Counsel filed a pre-trial motion for family visitation, she was shown as having appeared for an unrecorded pre-trial permanency hearing, and she filed a motion for new trial. Trial counsel also invoked the rule before trial, objected during trial seven times (five of which were objections sustained), presented Polanco as a witness, thoroughly cross-examined adverse witnesses, and presented a closing argument. Through Polanco's testimony and the cross-examination of adverse witnesses, counsel elicited testimony favorable to Polanco, such as the fact that Polanco had completed required parenting classes successfully; had attended domestic-violence classes; had attended all but three bi-monthly meetings with T.P.; had generally come to all court appearances; had brought appropriate gifts to T.P. during visits; had been living with her brother (rather than with an abusive man) for at least four or five months during the case's duration; had been able to function fairly well when she took her medication; had evidenced a bond with T.P. during at least one visit; had obtained employment, transportation, and a residence by the time of trial; had no drug or alcohol problems; had apologized to Campble at least once after having used profanity; loved her children; had a difficult time getting her medication that she needed because she had no car, health insurance, or consistent ability to pay; and believed that she could support T.P. financially if parental rights were not terminated. Counsel also elicited that Polanco's psychiatrist planned to continue therapy sessions with Polanco and with T.P.

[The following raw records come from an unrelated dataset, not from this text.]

lemma alpha_spectral_tail_ent_sq_le:
  assumes card: "card V \<ge> 2" and B: "B \<subseteq> V" "sum m B \<le> 1/2" and nonneg: "\<forall>x\<in>V. w x \<ge> 0"
    and supp: "\<forall>x\<in>V - B. w x = 0" and w: "sqnorm w \<le> 12"
  shows "alpha_spec * tail_ent_sq w \<le> 2432 * energy w"
proof -
  obtain K where "(\<Sum>x\<in>V. w x) < 2^K" using real_arch_pow[of 2 "\<Sum>x\<in>V. w x"] by auto
  moreover have "(2::real)^K \<le> 2^(Suc K)" by simp
  ultimately have K: "(\<Sum>x\<in>V. w x) \<le> 2^(Suc K)" by linarith
  have wK: "w x \<le> 2^(Suc K)" if "x \<in> V" for x
    using member_le_sum[of x V w] that nonneg finite_V K by auto
  define T where "T = (\<lambda>x. \<Sum>j\<le>K. (real j + 2) * (dyadic_slice j (w x))^2)"
  have "tail_ent_sq w \<le> (\<Sum>x\<in>V. (16 * ln 4 * T x) * m x)"
  proof (intro sum_mono mult_right_mono)
    fix x assume x: "x \<in> V"
    have "T x \<ge> 0" unfolding T_def by (intro sum_nonneg mult_nonneg_nonneg) auto
    thus "(if w x \<ge> 2 then (w x)^2 * ln ((w x)^2) else 0) \<le> 16 * ln 4 * T x"
      using sq_ln_sq_le_dyadic_slices[OF _ wK[OF x]] unfolding T_def by auto
  qed (simp add: m_nonneg)
  also have "\<dots> = 16 * ln 4 * (\<Sum>j\<le>K. (real j + 2) * sqnorm (\<lambda>x. dyadic_slice j (w x)))"
    unfolding T_def sqnorm_eq_sum sum_distrib_left sum_distrib_right
    by (subst sum.swap) (simp add: mult_ac)
  finally have "alpha_spec * tail_ent_sq w
      \<le> alpha_spec * (16 * ln 4 * (\<Sum>j\<le>K. (real j + 2) * sqnorm (\<lambda>x. dyadic_slice j (w x))))"
    using alpha_spectral_nonneg[OF card] by (rule mult_left_mono)
  also have "\<dots> = 16 * (\<Sum>j\<le>K. alpha_spec * ((real j + 2) * ln 4) * sqnorm (\<lambda>x. dyadic_slice j (w x)))"
    by (simp add: sum_distrib_left mult_ac)
  also have "\<dots> \<le> 16 * (\<Sum>j\<le>K. 152 * energy (\<lambda>x. dyadic_slice j (w x)))"
    using alpha_spectral_dyadic_slice_le[OF card B nonneg supp w] by (intro mult_left_mono sum_mono) auto
  also have "\<dots> \<le> 2432 * energy w"
    using sum_energy_le[of "{..K}" "\<lambda>j x. dyadic_slice j (w x)" w] sum_sq_dyadic_slice_diff_le
    by (simp add: sum_distrib_left[symmetric])
  finally show ?thesis .
qed

lemma median_exists:
  fixes f :: "nat \<Rightarrow> real"
  assumes "V \<noteq> {}"
  obtains M where "M \<in> f ` V" "sum m {x\<in>V. f x > M} \<le> 1/2" "sum m {x\<in>V. f x < M} \<le> 1/2"
proof -
  define Y where "Y = {y\<in>f ` V. sum m {x\<in>V. f x \<le> y} \<ge> 1/2}"
  have finY: "finite Y" unfolding Y_def using finite_V by simp
  have "{x\<in>V. f x \<le> Max (f ` V)} = V" using finite_V by auto
  hence "Max (f ` V) \<in> Y" unfolding Y_def using finite_V assms sum_m by simp
  hence Yne: "Y \<noteq> {}" by auto
  define M where "M = Min Y"
  have "M \<in> Y" unfolding M_def using finY Yne by simp
  hence M: "M \<in> f ` V" "sum m {x\<in>V. f x \<le> M} \<ge> 1/2" unfolding Y_def by auto
  have "{x\<in>V. f x > M} = V - {x\<in>V. f x \<le> M}" by auto
  hence above: "sum m {x\<in>V. f x > M} \<le> 1/2" using sum_m_Diff[of "{x\<in>V. f x \<le> M}"] M(2) by auto
  have below: "sum m {x\<in>V. f x < M} \<le> 1/2"
  proof (cases "{x\<in>V. f x < M} = {}")
    case False
    define y where "y = Max (f ` {x\<in>V. f x < M})"
    have fin: "finite (f ` {x\<in>V. f x < M})" using finite_V by simp
    have "y \<in> f ` {x\<in>V. f x < M}" unfolding y_def using fin False by simp
    hence "y \<in> f ` V" "y < M" by auto
    have "y \<notin> Y"
    proof
      assume "y \<in> Y"
      hence "M \<le> y" unfolding M_def by (rule Min_le[OF finY])
      thus False using \<open>y < M\<close> by simp
    qed
    hence "sum m {x\<in>V. f x \<le> y} < 1/2" unfolding Y_def using \<open>y \<in> f ` V\<close> by auto
    moreover have "{x\<in>V. f x < M} \<subseteq> {x\<in>V. f x \<le> y}" unfolding y_def using fin by auto
    ultimately show ?thesis using sum_m_mono[of "{x\<in>V. f x < M}" "{x\<in>V. f x \<le> y}"] by auto
  next
    case True
    show ?thesis unfolding True by simp
  qed
  show ?thesis using that M(1) above below by blast
qed
(* Let $S$ be a simple $(l,r)$-framed algebra, $\alpha\in C_S$, $(d^1,c^1),(d^2,c^2)\in I_S$, $a\in S_{(0,\alpha)}$, $v_1\in S_{(d^1,c^1)}$, $v_2\in S_{(d^2,c^2)}$. Then for every $\gamma\in\mathbb{Z}_2^{d^1d^2}$, $a\cdot\big(v_1\cdot_{(d^1+d^2,(d^1+d^2)_\perp(c^1+c^2)+\gamma)}v_2\big)=(-1)^{\frac12|d^1\alpha|}(-1)^{|\alpha c^1|+|d^1d^2\alpha|+|\gamma\alpha|+|d^1\alpha c^2|}\,v_1\cdot_{(d^1+d^2,(d^1+d^2)_\perp(c^1+c^2+\alpha)+\gamma)}(a\cdot v_2)$, and $a\cdot(v_1\cdot v_2)=(-1)^{|d^1_\perp\alpha|+|d^1\alpha c^2|}(a\cdot v_1)\cdot v_2$.
   Context: Let $\mathrm{IS}=\{0,\frac12,\frac1{16}\}$ with fusion rule $\star$ (values are subsets): $0\star h=h\star0=\{h\}$, $\frac12\star\frac12=\{0\}$, $\frac12\star\frac1{16}=\frac1{16}\star\frac12=\{\frac1{16}\}$, $\frac1{16}\star\frac1{16}=\{0,\frac12\}$; $A(h_0,h_1,h_2,h_3)=\{h: h\in h_2\star h_3,\ h_0\in h_1\star h\}$. For $h\in A(h_0,h_1,h_2,h_3)$, $h'\in A(h_0,h_2,h_1,h_3)$ define $B^{h,h'}_{h_0,h_1,h_2,h_3}$: $B_{*,0,*,*}=B_{*,*,0,*}=1$; $B_{*,\frac12,\frac12,*}=-1$; $B_{a,\frac12,\frac1{16},a'}=B_{a,\frac1{16},\frac12,a'}=i$ if $a$ or $a'$ is $\frac12$, else $-i$; $B^{b,b'}_{a,\frac1{16},\frac1{16},a'}=e^{-\pi i/8}\cdot\{1$ if $a,a'\ne\frac1{16},a=a'$; $i$ if $a,a'\neq\frac1{16},a\ne a'$; $\frac{1+i}2$ if $a=a'=\frac1{16},b=b'$; $\frac{1-i}2$ if $a=a'=\frac1{16},b\neq b'\}$. $\mathrm{IS}^{(l,r)}=\mathrm{IS}^l\times\mathrm{IS}^r$, $\lambda=(h_1,..,h_l,\bar h_1,..,\bar h_r)$, $s(\lambda)=\sum h_i-\sum\bar h_j$; $\star$, $A$ componentwise; $B^{\lambda,\lambda'}_{\lambda^0,\dots,\lambda^3}=\prod_{i\le l}B^{h_i,h'_i}_{h^0_i,\dots,h^3_i}\prod_{j\le r}\overline{B^{\bar h_j,\bar h'_j}_{\bar h^0_j,\dots,\bar h^3_j}}$. An $(l,r)$-framed algebra: finite-dimensional $\mathrm{IS}^{(l,r)}$-graded $S=\bigoplus S_\lambda$ over $\mathbb{C}$ with bilinear product, nonzero $1\in S_0$, $a\cdot_\lambda b$ the $S_\lambda$-component of $a\cdot b$, satisfying (FA1) $S_\lambda=0$ unless $s(\lambda)\in\mathbb{Z}$; (FA2) $S_0=\mathbb{C}1$, $1$ a two-sided unit; (FA3) $S_{\lambda^1}\cdot S_{\lambda^2}\subset\bigoplus_{\lambda\in\lambda^1\star\lambda^2}S_\lambda$; (FA4) $a_2\cdot_{\lambda^0}(a_1\cdot_{\lambda'}a_3)=\sum_{\lambda\in A(\lambda^0,\lambda^1,\lambda^2,\lambda^3)}B^{\lambda,\lambda'}_{\lambda^0,\lambda^1,\lambda^2,\lambda^3}a_1\cdot_{\lambda^0}(a_2\cdot_\lambda a_3)$ for $a_i\in S_{\lambda^i}$, $\lambda'\in A(\lambda^0,\lambda^2,\lambda^1,\lambda^3)$. Ideal: graded subspace $M$ with $S\cdot M\subset M$; simple: only ideals $0$ and $S$. Identify $\mathrm{IS}$ with $\{(d,c)\in\mathbb{Z}_2^2:dc=0\}$ via $0\leftrightarrow(0,0)$, $\frac12\leftrightarrow(0,1)$, $\frac1{16}\leftrightarrow(1,0)$, and componentwise $\mathrm{IS}^{(l,r)}$ with pairs $(d,c)\in(\mathbb{Z}_2^{l+r})^2$, $dc=0$ (componentwise product); $S_{(d,c)}$ is the graded piece. For $c\in\mathbb{Z}_2^{l+r}$, $|c|=|c|_l-|c|_r$ with $|c|_l,|c|_r$ the numbers of ones in the first $l$, last $r$ coordinates; $d_\perp=1^{l+r}+d$; $\mathbb{Z}_2^d=\{\gamma:d\gamma=\gamma\}$. $C_S=\{\alpha:S_{(0,\alpha)}\neq0\}$, $I_S=\{(d,c):S_{(d,c)}\ne0\}$. *)

theory Defs
  imports Complex_Main
begin

datatype IS = H0 | Hhalf | Hsix

fun hval :: "IS \<Rightarrow> rat" where
  "hval H0 = 0" | "hval Hhalf = 1/2" | "hval Hsix = 1/16"

fun fusion :: "IS \<Rightarrow> IS \<Rightarrow> IS set" where
  "fusion H0 h = {h}"
| "fusion h H0 = {h}"
| "fusion Hhalf Hhalf = {H0}"
| "fusion Hhalf Hsix = {Hsix}"
| "fusion Hsix Hhalf = {Hsix}"
| "fusion Hsix Hsix = {H0, Hhalf}"

definition A0 :: "IS \<Rightarrow> IS \<Rightarrow> IS \<Rightarrow> IS \<Rightarrow> IS set" where
  "A0 h0 h1 h2 h3 = {h. h \<in> fusion h2 h3 \<and> h0 \<in> fusion h1 h}"

(* B^{h,h'}_{h0,h1,h2,h3}  (argument order: h h' h0 h1 h2 h3) *)
definition Bc :: "IS \<Rightarrow> IS \<Rightarrow> IS \<Rightarrow> IS \<Rightarrow> IS \<Rightarrow> IS \<Rightarrow> complex" where
  "Bc h h' h0 h1 h2 h3 =
    (if h1 = H0 \<or> h2 = H0 then 1
     else if h1 = Hhalf \<and> h2 = Hhalf then -1
     else if h1 = Hsix \<and> h2 = Hsix then
       cis (- pi / 8) *
         (if h0 \<noteq> Hsix \<and> h3 \<noteq> Hsix then (if h0 = h3 then 1 else \<i>)
          else (if h = h' then (1 + \<i>) / 2 else (1 - \<i>) / 2))
     else (if h0 = Hhalf \<or> h3 = Hhalf then \<i> else - \<i>))"

(* IS^(l,r): lists of length l+r; first l entries are the h_i, last r are the bar h_j *)
definition lams :: "nat \<Rightarrow> nat \<Rightarrow> IS list set" where
  "lams l r = {la. length la = l + r}"

definition lzero :: "nat \<Rightarrow> nat \<Rightarrow> IS list" where
  "lzero l r = replicate (l + r) H0"

definition sdim :: "nat \<Rightarrow> nat \<Rightarrow> IS list \<Rightarrow> rat" where
  "sdim l r la = (\<Sum>i<l. hval (la ! i)) - (\<Sum>j\<in>{l..<l+r}. hval (la ! j))"

definition lfus :: "IS list \<Rightarrow> IS list \<Rightarrow> IS list set" where
  "lfus la1 la2 = {la. length la = length la1 \<and>
      (\<forall>i<length la1. la ! i \<in> fusion (la1 ! i) (la2 ! i))}"

definition lA :: "IS list \<Rightarrow> IS list \<Rightarrow> IS list \<Rightarrow> IS list \<Rightarrow> IS list set" where
  "lA la0 la1 la2 la3 = {la. length la = length la0 \<and>
      (\<forall>i<length la0. la ! i \<in> A0 (la0 ! i) (la1 ! i) (la2 ! i) (la3 ! i))}"

definition lB :: "nat \<Rightarrow> nat \<Rightarrow> IS list \<Rightarrow> IS list \<Rightarrow> IS list \<Rightarrow> IS list \<Rightarrow> IS list \<Rightarrow> IS list \<Rightarrow> complex" where
  "lB l r la la' la0 la1 la2 la3 =
     (\<Prod>i<l. Bc (la ! i) (la' ! i) (la0 ! i) (la1 ! i) (la2 ! i) (la3 ! i)) *
     (\<Prod>j\<in>{l..<l+r}. cnj (Bc (la ! j) (la' ! j) (la0 ! j) (la1 ! j) (la2 ! j) (la3 ! j)))"

definition graded_decomp :: "nat \<Rightarrow> nat \<Rightarrow> (IS list \<Rightarrow> 'v::ab_group_add set) \<Rightarrow> 'v \<Rightarrow> (IS list \<Rightarrow> 'v) \<Rightarrow> bool" where
  "graded_decomp l r G v x \<longleftrightarrow> (\<forall>la\<in>lams l r. x la \<in> G la) \<and> (\<forall>la. la \<notin> lams l r \<longrightarrow> x la = 0)
      \<and> v = (\<Sum>la\<in>lams l r. x la)"

definition comp :: "nat \<Rightarrow> nat \<Rightarrow> (IS list \<Rightarrow> 'v::ab_group_add set) \<Rightarrow> IS list \<Rightarrow> 'v \<Rightarrow> 'v" where
  "comp l r G la v = (THE x. graded_decomp l r G v x) la"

We grant appellate counsel's motion to withdraw. See Stephens v. State, 35 S.W.3d 770, 771 (Tex.App.-Houston [1st Dist.] 2000, no pet.). We note that counsel still has a duty to inform Polanco of the result of this appeal and also to inform Polanco that she may, on her own, pursue discretionary review in the Court of Criminal Appeals. See Ex parte Wilson, 956 S.W.2d 25, 27 (Tex.Crim.App. 1997).